» **What the task asks**: From the entries below, pull out each line where "theta" appears.

□ □ □ □ □

(* Assume the general coarsening setting described in the context and let $r$ be a deterministic path with $P(R=r)>0$. If CAR(GCMP)-loc holds on $r$, i.e. $$\mathcal{L}^{(\theta,\psi)/(\theta_0,\psi_0)}_{\mathcal{R}|\mathcal{X}}=\mathcal{L}^{(\theta,\psi)/(\theta_0,\psi_0)}_{\mathcal{R}|\mathcal{X}^r}\quad\text{a.s. on }\{R=r\}\ \text{for all }(\theta,\psi),$$ then the mechanism leading to incomplete data is ignorable on $r$: for all $\theta$ and whatever $\psi_0$, $\mathcal{L}^{(\theta,\psi_0)/(\theta_0,\psi_0)}_{\mathcal{O}}=\mathcal{L}^{\theta/\theta_0}_{\mathcal{X}^r}$ a.s. on $\{R=r\}$.
   Context: Setting. On a measurable space $(\Omega,\mathcal{F})$ live two càdlàg stochastic processes: $X=(X_t)_{t\ge0}$ with values in $\mathbb{R}^d$ (path space a Skorohod space) and a response indicator process $R=(R_t)_{t\ge0}$ with values in $\{0,1\}$, $R_t=1$ meaning $X_t$ is observed. Let $\mathcal{X}=\sigma(X_t,t\ge0)$, $\mathcal{R}=\sigma(R_t,t\ge0)$, $\mathcal{F}=\mathcal{X}\vee\mathcal{R}$. A model is a family $\{P_{(\theta,\psi)}:(\theta,\psi)\in\Theta\times\Psi\}$ of mutually equivalent probability measures on $\mathcal{F}$ with reference measure $P_{(\theta_0,\psi_0)}$; the restriction of $P_{(\theta,\psi)}$ to $\mathcal{X}$ depends only on $\theta$ (denoted $P_\theta$). Non-informativeness: $P_{(\theta_1,\psi)}(A\mid\mathcal{X})=P_{(\theta_2,\psi)}(A\mid\mathcal{X})$ a.s. for all $A\in\mathcal{R}$. For a sub-$\sigma$-field $\mathcal{G}$, $\mathcal{L}^{(\theta,\psi)/(\theta_0,\psi_0)}_{\mathcal{G}}$ is the Radon–Nikodym derivative $dP_{(\theta,\psi)}/dP_{(\theta_0,\psi_0)}$ restricted to $\mathcal{G}$; for $\mathcal{G}\subset\mathcal{X}$ it is written $\mathcal{L}^{\theta/\theta_0}_{\mathcal{G}}$. The conditional likelihood ratio is $\mathcal{L}_{\mathcal{Y}|\mathcal{G}}=\mathcal{L}_{\mathcal{G}\vee\mathcal{Y}}/\mathcal{L}_{\mathcal{G}}$. The observed $\sigma$-field is $\mathcal{O}=\sigma(R_tX_t,R_t,\ t\ge0)$. For a deterministic path $r$, $\{R=r\}=\{R_t=r_t\ \forall t\}$ and $\mathcal{X}^r=\sigma(r_tX_t,\ t\ge0)$. *)

theory Defs
  imports "HOL-Probability.Probability"
begin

□ □ □ □ □

» **Answer box**:
(* Assume the general coarsening setting described in the context and let $r$ be a deterministic path with $P(R=r)>0$. If CAR(GCMP)-loc holds on $r$, i.e. $$\mathcal{L}^{(\theta,\psi)/(\theta_0,\psi_0)}_{\mathcal{R}|\mathcal{X}}=\mathcal{L}^{(\theta,\psi)/(\theta_0,\psi_0)}_{\mathcal{R}|\mathcal{X}^r}\quad\text{a.s. on }\{R=r\}\ \text{for all }(\theta,\psi),$$ then the mechanism leading to incomplete data is ignorable on $r$: for all $\theta$ and whatever $\psi_0$, $\mathcal{L}^{(\theta,\psi_0)/(\theta_0,\psi_0)}_{\mathcal{O}}=\mathcal{L}^{\theta/\theta_0}_{\mathcal{X}^r}$ a.s. on $\{R=r\}$.
   Context: Setting. On a measurable space $(\Omega,\mathcal{F})$ live two càdlàg stochastic processes: $X=(X_t)_{t\ge0}$ with values in $\mathbb{R}^d$ (path space a Skorohod space) and a response indicator process $R=(R_t)_{t\ge0}$ with values in $\{0,1\}$, $R_t=1$ meaning $X_t$ is observed. Let $\mathcal{X}=\sigma(X_t,t\ge0)$, $\mathcal{R}=\sigma(R_t,t\ge0)$, $\mathcal{F}=\mathcal{X}\vee\mathcal{R}$. A model is a family $\{P_{(\theta,\psi)}:(\theta,\psi)\in\Theta\times\Psi\}$ of mutually equivalent probability measures on $\mathcal{F}$ with reference measure $P_{(\theta_0,\psi_0)}$; the restriction of $P_{(\theta,\psi)}$ to $\mathcal{X}$ depends only on $\theta$ (denoted $P_\theta$). Non-informativeness: $P_{(\theta_1,\psi)}(A\mid\mathcal{X})=P_{(\theta_2,\psi)}(A\mid\mathcal{X})$ a.s. for all $A\in\mathcal{R}$. For a sub-$\sigma$-field $\mathcal{G}$, $\mathcal{L}^{(\theta,\psi)/(\theta_0,\psi_0)}_{\mathcal{G}}$ is the Radon–Nikodym derivative $dP_{(\theta,\psi)}/dP_{(\theta_0,\psi_0)}$ restricted to $\mathcal{G}$; for $\mathcal{G}\subset\mathcal{X}$ it is written $\mathcal{L}^{\theta/\theta_0}_{\mathcal{G}}$. The conditional likelihood ratio is $\mathcal{L}_{\mathcal{Y}|\mathcal{G}}=\mathcal{L}_{\mathcal{G}\vee\mathcal{Y}}/\mathcal{L}_{\mathcal{G}}$. The observed $\sigma$-field is $\mathcal{O}=\sigma(R_tX_t,R_t,\ t\ge0)$. For a deterministic path $r$, $\{R=r\}=\{R_t=r_t\ \forall t\}$ and $\mathcal{X}^r=\sigma(r_tX_t,\ t\ge0)$. *)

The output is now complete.